→ Problem details: In the records below, begin at the line that has "i) \<Longrightarrow> sat" and stop after the line that has "case (QWF x y \<phi>)"; quote those lines verbatim and nothing more.

[[ Data, beginning ]]

definition extender_system :: "('l set \<Rightarrow> ('l \<rightharpoonup> 'k) set set) \<Rightarrow> bool" where
  "extender_system E \<longleftrightarrow>
     (\<forall>a. finite a \<longrightarrow> ultrafilter_on (seqs a) (E a) \<and> kappa_complete (E a))"

definition coherent :: "('l set \<Rightarrow> ('l \<rightharpoonup> 'k) set set) \<Rightarrow> bool" where
  "coherent E \<longleftrightarrow>
     (\<forall>a b X. finite b \<and> a \<subseteq> b \<and> X \<subseteq> seqs a \<longrightarrow>
        (X \<in> E a \<longleftrightarrow> {s \<in> seqs b. s |` a \<in> X} \<in> E b))"

definition E_wellfounded :: "('l set \<Rightarrow> ('l \<rightharpoonup> 'k) set set) \<Rightarrow> bool" where
  "E_wellfounded E \<longleftrightarrow>
     (\<forall>(a :: nat \<Rightarrow> 'l set) X. (\<forall>n. finite (a n) \<and> X n \<in> E (a n)) \<longrightarrow>
        (\<exists>h. dom h = (\<Union>n. a n) \<and> (\<forall>n. h |` a n \<in> X n)))"

text \<open>Representatives [b,f]: b finite with a \<subseteq> b, f s \<in> M_{s|a} for s \<in> ^{b}kappa.\<close>
definition valid_rep ::
  "('l set \<Rightarrow> ('l \<rightharpoonup> 'k) set set) \<Rightarrow> 'l set \<Rightarrow> (('l \<rightharpoonup> 'k) \<Rightarrow> ('f, 'r, 'm) struct)
     \<Rightarrow> 'l set \<times> (('l \<rightharpoonup> 'k) \<Rightarrow> 'm) \<Rightarrow> bool" where
  "valid_rep E a M p \<longleftrightarrow>
     finite (fst p) \<and> a \<subseteq> fst p \<and> (\<forall>s\<in>seqs (fst p). snd p s \<in> univ (M (s |` a)))"

definition eqv ::
  "('l set \<Rightarrow> ('l \<rightharpoonup> 'k) set set) \<Rightarrow> 'l set \<times> (('l \<rightharpoonup> 'k) \<Rightarrow> 'm)
     \<Rightarrow> 'l set \<times> (('l \<rightharpoonup> 'k) \<Rightarrow> 'm) \<Rightarrow> bool" where
  "eqv E p q \<longleftrightarrow>
     {s \<in> seqs (fst p \<union> fst q). snd p (s |` fst p) = snd q (s |` fst q)} \<in> E (fst p \<union> fst q)"

definition cls ::
  "('l set \<Rightarrow> ('l \<rightharpoonup> 'k) set set) \<Rightarrow> 'l set \<Rightarrow> (('l \<rightharpoonup> 'k) \<Rightarrow> ('f, 'r, 'm) struct)
     \<Rightarrow> 'l set \<times> (('l \<rightharpoonup> 'k) \<Rightarrow> 'm) \<Rightarrow> ('l set \<times> (('l \<rightharpoonup> 'k) \<Rightarrow> 'm)) set" where
  "cls E a M p = {q. valid_rep E a M q \<and> eqv E p q}"

definition rep :: "'a set \<Rightarrow> 'a" where
  "rep x = (SOME p. p \<in> x)"

definition prod_univ ::
  "('l set \<Rightarrow> ('l \<rightharpoonup> 'k) set set) \<Rightarrow> 'l set \<Rightarrow> (('l \<rightharpoonup> 'k) \<Rightarrow> ('f, 'r, 'm) struct)
     \<Rightarrow> ('l set \<times> (('l \<rightharpoonup> 'k) \<Rightarrow> 'm)) set set" where
  "prod_univ E a M = {cls E a M p | p. valid_rep E a M p}"

definition supp :: "'l set \<Rightarrow> ('l set \<times> (('l \<rightharpoonup> 'k) \<Rightarrow> 'm)) set list \<Rightarrow> 'l set" where
  "supp a xs = a \<union> \<Union> (set (map (\<lambda>x. fst (rep x)) xs))"

definition evrep :: "('l \<rightharpoonup> 'k) \<Rightarrow> ('l set \<times> (('l \<rightharpoonup> 'k) \<Rightarrow> 'm)) set \<Rightarrow> 'm" where
  "evrep s x = snd (rep x) (s |` fst (rep x))"

definition ext_prod ::
  "('l set \<Rightarrow> ('l \<rightharpoonup> 'k) set set) \<Rightarrow> 'l set \<Rightarrow> (('l \<rightharpoonup> 'k) \<Rightarrow> ('f, 'r, 'm) struct)
     \<Rightarrow> ('f, 'r, ('l set \<times> (('l \<rightharpoonup> 'k) \<Rightarrow> 'm)) set) struct" where
  "ext_prod E a M =
     Struct (prod_univ E a M)
       (\<lambda>f xs. cls E a M (supp a xs, \<lambda>s. fnI (M (s |` a)) f (map (evrep s) xs)))
       (\<lambda>r xs. {s \<in> seqs (supp a xs). relI (M (s |` a)) r (map (evrep s) xs)} \<in> E (supp a xs))"

definition los ::
  "('l set \<Rightarrow> ('l \<rightharpoonup> 'k) set set) \<Rightarrow> 'l set \<Rightarrow> (('l \<rightharpoonup> 'k) \<Rightarrow> ('f, 'r, 'm) struct) \<Rightarrow> bool" where
  "los E a M \<longleftrightarrow>
     (\<forall>(\<phi> :: ('f, 'r, 'k) fm) ps.
        wff \<phi> \<and> fv \<phi> \<subseteq> {..<length ps} \<and> (\<forall>p\<in>set ps. valid_rep E a M p) \<longrightarrow>
        (sat (ext_prod E a M) (\<lambda>i. cls E a M (ps ! i)) \<phi> \<longleftrightarrow>
         {s \<in> seqs (a \<union> \<Union> (set (map fst ps))).
            sat (M (s |` a)) (\<lambda>i. snd (ps ! i) (s |` fst (ps ! i))) \<phi>}
           \<in> E (a \<union> \<Union> (set (map fst ps)))))"

end

theory Submission
  imports Defs
begin

text \<open>
  If E is well-founded, Los's theorem is proved by induction on the formula. The connectives and
  the existential quantifier are handled as for ultrapowers: coherence lets representatives with
  different finite supports be compared on a common support, and kappa-completeness takes care of
  conjunctions of fewer than kappa formulas. The quantifier Q^WF is the only place where
  well-foundedness enters: if almost every factor is well-founded but the product has a descending
  sequence of classes, the set of well-founded coordinates and the sets on which consecutive
  representatives descend are countably many measure-one sets, and a single function h threading
  all of them exhibits a descending sequence in the well-founded factor at h.

  Conversely, let (A n, X n) witness ill-foundedness. The partial threads of level n, i.e. the
  maps on A 0 \<union> ... \<union> A n whose restrictions to each A i lie in X i, are large at
  every level and form a tree without infinite branches. On the pairs (n, t) ordered by
  restriction of t this tree is well-founded in every factor, while in the product the classes of
  s \<mapsto> (n, s) descend.
\<close>

lemma restrict_restrict_subset: "b \<subseteq> c \<Longrightarrow> s |` c |` b = s |` b"
  by (simp add: Int_absorb1)

lemma restrict_in_seqs_iff: "s |` c \<in> seqs c \<longleftrightarrow> c \<subseteq> dom s"
  by (auto simp: seqs_def)

lemma seqs_restrict: "s \<in> seqs d \<Longrightarrow> c \<subseteq> d \<Longrightarrow> s |` c \<in> seqs c"
  by (auto simp: seqs_def)

lemma restrict_seqs_self: "s \<in> seqs c \<Longrightarrow> s |` c = s"
  by (rule ext) (auto simp: seqs_def restrict_map_def dom_def)

lemma ultrafilter_on_subset: "ultrafilter_on X U \<Longrightarrow> A \<in> U \<Longrightarrow> A \<subseteq> X"
  unfolding ultrafilter_on_def by (elim conjE) auto

lemma ultrafilter_on_top: "ultrafilter_on X U \<Longrightarrow> X \<in> U"
  unfolding ultrafilter_on_def by (elim conjE)

lemma ultrafilter_on_empty: "ultrafilter_on X U \<Longrightarrow> {} \<notin> U"
  unfolding ultrafilter_on_def by (elim conjE)

lemma ultrafilter_on_mono:
  "ultrafilter_on X U \<Longrightarrow> A \<in> U \<Longrightarrow> A \<subseteq> B \<Longrightarrow> B \<subseteq> X \<Longrightarrow> B \<in> U"
  unfolding ultrafilter_on_def by (elim conjE) (simp only: simp_thms)

lemma ultrafilter_on_Int: "ultrafilter_on X U \<Longrightarrow> A \<in> U \<Longrightarrow> B \<in> U \<Longrightarrow> A \<inter> B \<in> U"
  unfolding ultrafilter_on_def by (elim conjE) (simp only: simp_thms)

lemma ultrafilter_on_dichotomy: "ultrafilter_on X U \<Longrightarrow> A \<subseteq> X \<Longrightarrow> A \<in> U \<or> X - A \<in> U"
  unfolding ultrafilter_on_def by (elim conjE) (simp only: simp_thms)

lemma ultrafilter_on_Int_iff:
  "ultrafilter_on X U \<Longrightarrow> A \<in> U \<Longrightarrow> B \<subseteq> X \<Longrightarrow> B \<inter> A \<in> U \<longleftrightarrow> B \<in> U"
  by (meson inf_le1 ultrafilter_on_Int ultrafilter_on_mono)

lemma ultrafilter_on_Diff_iff:
  assumes "ultrafilter_on X U" "A \<subseteq> X"
  shows "X - A \<in> U \<longleftrightarrow> A \<notin> U"
proof
  assume "X - A \<in> U"
  then show "A \<notin> U"
    using ultrafilter_on_Int[OF assms(1)] ultrafilter_on_empty[OF assms(1)] by fastforce
next
  assume "A \<notin> U"
  moreover have "A \<in> U \<or> X - A \<in> U" by (rule ultrafilter_on_dichotomy[OF assms])
  ultimately show "X - A \<in> U" by blast
qed

lemma ultrafilter_on_INT:
  assumes "ultrafilter_on X U" "finite I" "\<forall>i\<in>I. A i \<in> U"
  shows "X \<inter> (\<Inter>i\<in>I. A i) \<in> U"
  using assms(2,3)
proof (induction I rule: finite_induct)
  case empty
  then show ?case using ultrafilter_on_top[OF assms(1)] by simp
next
  case (insert i I)
  then have "A i \<inter> (X \<inter> (\<Inter>i\<in>I. A i)) \<in> U" using ultrafilter_on_Int[OF assms(1)] by simp
  moreover have "A i \<inter> (X \<inter> (\<Inter>i\<in>I. A i)) = X \<inter> (\<Inter>i\<in>insert i I. A i)" by auto
  ultimately show ?case by simp
qed

lemma kappa_complete_INT:
  fixes U :: "('l \<rightharpoonup> 'k) set set"
  assumes "kappa_complete U" "I \<noteq> {}" "(card_of I, card_of (UNIV :: 'k set)) \<in> ordLess"
    and "\<forall>i\<in>I. A i \<in> U"
  shows "(\<Inter>i\<in>I. A i) \<in> U"
proof (rule assms(1)[unfolded kappa_complete_def, rule_format, OF conjI[OF _ conjI]])
  show "A ` I \<subseteq> U" "A ` I \<noteq> {}" using assms(2,4) by auto
  show "(card_of (A ` I), card_of (UNIV :: 'k set)) \<in> ordLess"
    by (rule ordLeq_ordLess_trans[OF card_of_image assms(3)])
qed

lemma evalt_cong: "(\<forall>i\<in>fvt t. v i = v' i) \<Longrightarrow> evalt M v t = evalt M v' t"
  by (induction t) (auto cong: map_cong)

lemma evalt_in_univ: "is_struct M \<Longrightarrow> (\<forall>i\<in>fvt t. v i \<in> univ M) \<Longrightarrow> evalt M v t \<in> univ M"
proof (induction t)
  case (Fn f ts)
  then have "set (map (evalt M v) ts) \<subseteq> univ M" by auto
  then show ?case using Fn.prems(1) unfolding is_struct_def by simp
qed simp

lemma sat_cong: "(\<forall>i\<in>fv \<phi>. v i = v' i) \<Longrightarrow> sat M v \<phi> = sat M v' \<phi>"
proof (induction \<phi> arbitrary: v v')
  case (Rel r ts)
  have "map (evalt M v) ts = map (evalt M v') ts"
    using Rel evalt_cong[of _ v v' M] by (simp only: map_eq_conv) auto
  then show ?case by (simp del: map_eq_conv)
next
  case (Eq t u)
  then show ?case using evalt_cong[of t v v' M] evalt_cong[of u v v' M] by simp
next
  case (Neg \<phi>)
  have "sat M v \<phi> = sat M v' \<phi>" by (rule Neg.IH) (use Neg.prems in simp)
  then show ?case by simp
next
  case (BigAnd I F)
  have "sat M v (F i) = sat M v' (F i)" if "i \<in> I" for i
    by (rule BigAnd.IH[OF rangeI]) (use BigAnd.prems that in auto)
  then show ?case by simp
next
  case (Ex x \<phi>)
  have "sat M (v(x := b)) \<phi> = sat M (v'(x := b)) \<phi>" for b
    by (rule Ex.IH) (use Ex.prems in auto)
  then show ?case by simp
next
  case (QWF x y \<phi>)
  have "sat M (v(x := b, y := c)) \<phi> = sat M (v'(x := b, y := c)) \<phi>" for b c
    by (rule QWF.IH) (use QWF.prems in auto)
  then show ?case by simp
qed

[[ Data, end ]]

→ Solution:
lemma sat_cong: "(\<forall>i\<in>fv \<phi>. v i = v' i) \<Longrightarrow> sat M v \<phi> = sat M v' \<phi>"
proof (induction \<phi> arbitrary: v v')
  case (Rel r ts)
  have "map (evalt M v) ts = map (evalt M v') ts"
    using Rel evalt_cong[of _ v v' M] by (simp only: map_eq_conv) auto
  then show ?case by (simp del: map_eq_conv)
next
  case (Eq t u)
  then show ?case using evalt_cong[of t v v' M] evalt_cong[of u v v' M] by simp
next
  case (Neg \<phi>)
  have "sat M v \<phi> = sat M v' \<phi>" by (rule Neg.IH) (use Neg.prems in simp)
  then show ?case by simp
next
  case (BigAnd I F)
  have "sat M v (F i) = sat M v' (F i)" if "i \<in> I" for i
    by (rule BigAnd.IH[OF rangeI]) (use BigAnd.prems that in auto)
  then show ?case by simp
next
  case (Ex x \<phi>)
  have "sat M (v(x := b)) \<phi> = sat M (v'(x := b)) \<phi>" for b
    by (rule Ex.IH) (use Ex.prems in auto)
  then show ?case by simp
next
  case (QWF x y \<phi>)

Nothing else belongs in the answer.